| EXERCISE DESCRIPTION |
In the entries below, find the lines with the word "because" and copy them.

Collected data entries
----------
definition absorbing :: "('a list \<Rightarrow> 'a) \<Rightarrow> bool" where
  "absorbing t \<longleftrightarrow> (\<forall>b\<in>B. \<forall>x\<in>A. \<forall>b'\<in>B. t [b, x, b'] \<in> B)"

lemma absorbing_iff: "absorbing t \<longleftrightarrow> (\<forall>(x, y, z)\<in>B \<times> A \<times> B. t [x, y, z] \<in> B)"
  unfolding absorbing_def by auto

lemma absorbing_term_proj: "absorbing (term_proj 0)" "absorbing (term_proj 2)"
  unfolding absorbing_def by simp_all

definition edges_on :: "('a \<times> 'a \<times> 'a) set \<Rightarrow> 'a \<Rightarrow> 'a \<Rightarrow> ('a \<times> 'a) set" where
  "edges_on Q a c = {(t [a, a, c], t [a, c, c]) | t. t \<in> T3 \<and> (\<forall>(x, y, z)\<in>Q. t [x, y, z] \<in> B)}"

lemma edges_on_antimono: "Q \<subseteq> Q' \<Longrightarrow> edges_on Q' a c \<subseteq> edges_on Q a c"
  unfolding edges_on_def by blast

lemma edges_on_absorbing:
  "t \<in> T3 \<Longrightarrow> absorbing t \<Longrightarrow> (t [a, a, c], t [a, c, c]) \<in> edges_on (B \<times> A \<times> B) a c"
  unfolding edges_on_def absorbing_iff by blast

lemma edgeE_eq_edges_on:
  assumes "a \<in> A" "c \<in> A" "d \<in> A" "b1 \<in> B" "b2 \<in> B"
  shows "edgeE A F B a c d b1 b2 = edges_on {(b1, d, b2)} a c"
proof -
  \<comment> \<open>the generators are ordered so that the coordinate in B is t(b1, b2, d); swapping the
    last two arguments of t gives the form t(b1, d, b2) used by edges_on\<close>
  let ?swap = "\<lambda>t. term_comp3 t (term_proj 0) (term_proj 2) (term_proj 1)"
  have swap: "t \<in> T3 \<Longrightarrow> ?swap t \<in> T3" for t
    by (intro term_comp3_in_term_ops term_proj_T3)
  have S: "Sg3 A F {(b1, a, a), (b2, c, c), (d, a, c)} =
      {(t [b1, b2, d], t [a, c, a], t [a, c, c]) | t. t \<in> T3}"
    using assms B_subset_A by (intro Sg3_eq_term_images) blast+
  show ?thesis
  proof (intro equalityI subsetI)
    fix e assume "e \<in> edgeE A F B a c d b1 b2"
    then obtain t where t: "t \<in> T3" "t [b1, b2, d] \<in> B" "e = (t [a, c, a], t [a, c, c])"
      unfolding edgeE_def S by blast
    then show "e \<in> edges_on {(b1, d, b2)} a c"
      unfolding edges_on_def by (intro CollectI exI[of _ "?swap t"]) (use swap in simp)
  next
    fix e assume "e \<in> edges_on {(b1, d, b2)} a c"
    then obtain t where t: "t \<in> T3" "t [b1, d, b2] \<in> B" "e = (t [a, a, c], t [a, c, c])"
      unfolding edges_on_def by auto
    have "(t [b1, d, b2], t [a, a, c], t [a, c, c]) \<in> Sg3 A F {(b1, a, a), (b2, c, c), (d, a, c)}"
      unfolding S by (intro CollectI exI[of _ "?swap t"]) (use swap[OF t(1)] in simp)
    moreover have "t [a, a, c] \<in> A" "t [a, c, c] \<in> A" using T3_closed_A t(1) assms(1,2) by auto
    ultimately show "e \<in> edgeE A F B a c d b1 b2" unfolding edgeE_def using t(2,3) by blast
  qed
qed

definition push_triple :: "('a list \<Rightarrow> 'a) \<Rightarrow> 'a \<times> 'a \<times> 'a \<Rightarrow> 'a \<times> 'a \<times> 'a" where
  "push_triple s = (\<lambda>(x, y, z). (s [x, x, z], s [x, y, z], s [x, z, z]))"

text \<open>Substituting s into an edge term r from s(a,a,c) to s(a,c,c) gives the edge term
  r(s(x,x,z), s(x,y,z), s(x,z,z)) from a to c; it sends (b, m, b') into B because s does,
  and a triple of Q into B because r sends its push_triple image into B.\<close>

lemma edges_on_push_triple:
  assumes s: "s \<in> T3" "b \<in> B" "b' \<in> B" "s [b, m, b'] \<in> B"
  shows "edges_on (push_triple s ` Q) (s [a, a, c]) (s [a, c, c]) \<subseteq> edges_on (insert (b, m, b') Q) a c"
proof
  fix e assume "e \<in> edges_on (push_triple s ` Q) (s [a, a, c]) (s [a, c, c])"
  then obtain r where r: "r \<in> T3" "\<forall>(x, y, z)\<in>push_triple s ` Q. r [x, y, z] \<in> B"
    and e: "e = (r [s [a, a, c], s [a, a, c], s [a, c, c]], r [s [a, a, c], s [a, c, c], s [a, c, c]])"
    unfolding edges_on_def by blast
  define t where "t = term_comp3 r (term_comp3 s (term_proj 0) (term_proj 0) (term_proj 2)) s
      (term_comp3 s (term_proj 0) (term_proj 2) (term_proj 2))"
  have "t \<in> T3" unfolding t_def using r(1) s(1)
    by (intro term_comp3_in_term_ops term_proj_T3)
  moreover have "t [b, m, b'] \<in> B"
  proof -
    have "s [b, b, b'] \<in> B" "s [b, b', b'] \<in> B"
      using T3_closed_B[OF s(1)] s(2,3) by blast+
    then show ?thesis
      unfolding t_def term_comp3_apply term_proj_apply using T3_closed_B[OF r(1)] s(4) by blast
  qed
  moreover have "t [x, y, z] \<in> B" if "(x, y, z) \<in> Q" for x y z
  proof -
    have "push_triple s (x, y, z) \<in> push_triple s ` Q" using that by (rule imageI)
    from bspec[OF r(2) this] show ?thesis by (simp add: t_def push_triple_def)
  qed
  ultimately have "t \<in> T3 \<and> (\<forall>(x, y, z)\<in>insert (b, m, b') Q. t [x, y, z] \<in> B)"
    by auto
  moreover have "e = (t [a, a, c], t [a, c, c])" unfolding e t_def by simp
  ultimately show "e \<in> edges_on (insert (b, m, b') Q) a c"
    unfolding edges_on_def by blast
qed

lemma push_triple_closed:
  assumes "s \<in> T3" "Q \<subseteq> B \<times> A \<times> B"
  shows "push_triple s ` Q \<subseteq> B \<times> A \<times> B"
proof
  fix p assume "p \<in> push_triple s ` Q"
  then obtain x y z where "(x, y, z) \<in> Q" and p: "p = push_triple s (x, y, z)"
    by (metis imageE prod_cases3)
  then have "x \<in> B" "y \<in> A" "z \<in> B" using assms(2) by auto
  moreover have "x \<in> A" "z \<in> A" using calculation B_subset_A by auto
  ultimately show "p \<in> B \<times> A \<times> B"
    unfolding p push_triple_def using T3_closed_A[OF assms(1)] T3_closed_B[OF assms(1)] by simp
qed

lemma path_edges_on_of_singletons:
  assumes single: "\<And>a c m b b'. a \<in> A \<Longrightarrow> c \<in> A \<Longrightarrow> m \<in> A \<Longrightarrow> b \<in> B \<Longrightarrow> b' \<in> B \<Longrightarrow>
      (a, c) \<in> (edges_on {(b, m, b')} a c)\<^sup>*"
    and "finite Q" "Q \<subseteq> B \<times> A \<times> B" "a \<in> A" "c \<in> A"
  shows "(a, c) \<in> (edges_on Q a c)\<^sup>*"
  using assms(2-)
proof (induction "card Q" arbitrary: Q a c rule: less_induct)
  case less
  show ?case
  proof (cases "Q = {}")
    case True
    have "(term_proj 1 [a, a, c], term_proj 1 [a, c, c]) \<in> edges_on Q a c"
      unfolding edges_on_def True using term_proj_T3 by blast
    then show ?thesis by simp
  next
    case False
    then obtain b m b' where q: "(b, m, b') \<in> Q" by auto
    define Q0 where "Q0 = Q - {(b, m, b')}"
    have Q: "Q = insert (b, m, b') Q0" "finite Q0" "Q0 \<subseteq> B \<times> A \<times> B" "card Q0 < card Q"
      using q less.prems(1,2) card_Diff1_less[OF less.prems(1) q] unfolding Q0_def by auto
    have bmb': "b \<in> B" "m \<in> A" "b' \<in> B" using q less.prems(2) by auto
    have "edges_on {(b, m, b')} a c \<subseteq> (edges_on Q a c)\<^sup>*"
    proof
      fix e assume "e \<in> edges_on {(b, m, b')} a c"
      then obtain s where s: "s \<in> T3" "s [b, m, b'] \<in> B" and e: "e = (s [a, a, c], s [a, c, c])"
        unfolding edges_on_def by auto
      have "card (push_triple s ` Q0) < card Q"
        using card_image_le[OF Q(2), of "push_triple s"] Q(4) by linarith
      then have "e \<in> (edges_on (push_triple s ` Q0) (s [a, a, c]) (s [a, c, c]))\<^sup>*"
        unfolding e by (rule less.hyps)
          (use Q(2) push_triple_closed[OF s(1) Q(3)] less.prems(3,4) T3_closed_A[OF s(1)] in auto)
      then show "e \<in> (edges_on Q a c)\<^sup>*"
        using rtrancl_mono[OF edges_on_push_triple[OF s(1) bmb'(1,3) s(2)]] Q(1) by blast
    qed
    then have "(edges_on {(b, m, b')} a c)\<^sup>* \<subseteq> (edges_on Q a c)\<^sup>*"
      by (rule rtrancl_subset_rtrancl)
    with single[OF less.prems(3,4) bmb'(2,1,3)] show ?thesis by blast
  qed
qed

definition Sg_pair :: "'a \<Rightarrow> 'a \<Rightarrow> 'a set" where
  "Sg_pair a c = {t [a, a, c] | t. t \<in> T3}"

lemma Sg_pair_subset: "a \<in> A \<Longrightarrow> c \<in> A \<Longrightarrow> Sg_pair a c \<subseteq> A"
  unfolding Sg_pair_def using T3_closed_A by auto

lemma finite_Sg_pair: "a \<in> A \<Longrightarrow> c \<in> A \<Longrightarrow> finite (Sg_pair a c)"
  using Sg_pair_subset finite_A finite_subset by blast

lemma Sg_pair_same: "a \<in> A \<Longrightarrow> Sg_pair a a = {a}"
  unfolding Sg_pair_def using T3_idempotent by (auto intro!: exI[of _ "term_proj 0"])

lemma left_in_Sg_pair: "a \<in> Sg_pair a c"
  unfolding Sg_pair_def by (auto intro!: exI[of _ "term_proj 0"])

lemma right_in_Sg_pair: "c \<in> Sg_pair a c"
  unfolding Sg_pair_def by (auto intro!: exI[of _ "term_proj 2"])

lemma Sg_pair_shrink_right:
  assumes "q \<in> T3"
  shows "Sg_pair a (q [a, a, c]) \<subseteq> Sg_pair a c"
proof
  fix x assume "x \<in> Sg_pair a (q [a, a, c])"
  then obtain s where s: "s \<in> T3" "x = s [a, a, q [a, a, c]]" unfolding Sg_pair_def by blast
  let ?q = "term_comp3 q (term_proj 0) (term_proj 0) (term_proj 2)"
  let ?t = "term_comp3 s (term_proj 0) (term_proj 0) ?q"
  have "?t \<in> T3" using s(1) assms by (intro term_comp3_in_term_ops term_proj_T3)
  moreover have "x = ?t [a, a, c]" using s(2) by simp
  ultimately show "x \<in> Sg_pair a c" unfolding Sg_pair_def by blast
qed

lemma Sg_pair_shrink_left:
  assumes "q \<in> T3"
  shows "Sg_pair (q [a, a, c]) c \<subseteq> Sg_pair a c"
proof
  fix x assume "x \<in> Sg_pair (q [a, a, c]) c"
  then obtain s where s: "s \<in> T3" "x = s [q [a, a, c], q [a, a, c], c]" unfolding Sg_pair_def by blast
  let ?q = "term_comp3 q (term_proj 0) (term_proj 0) (term_proj 2)"
  let ?t = "term_comp3 s ?q ?q (term_proj 2)"
  have "?t \<in> T3" using s(1) assms by (intro term_comp3_in_term_ops term_proj_T3)
  moreover have "x = ?t [a, a, c]" using s(2) by simp
  ultimately show "x \<in> Sg_pair a c" unfolding Sg_pair_def by blast
qed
----------
| SOLUTION FOR THIS TASK |
  r(s(x,x,z), s(x,y,z), s(x,z,z)) from a to c; it sends (b, m, b') into B because s does,
  and a triple of Q into B because r sends its push_triple image into B.\<close>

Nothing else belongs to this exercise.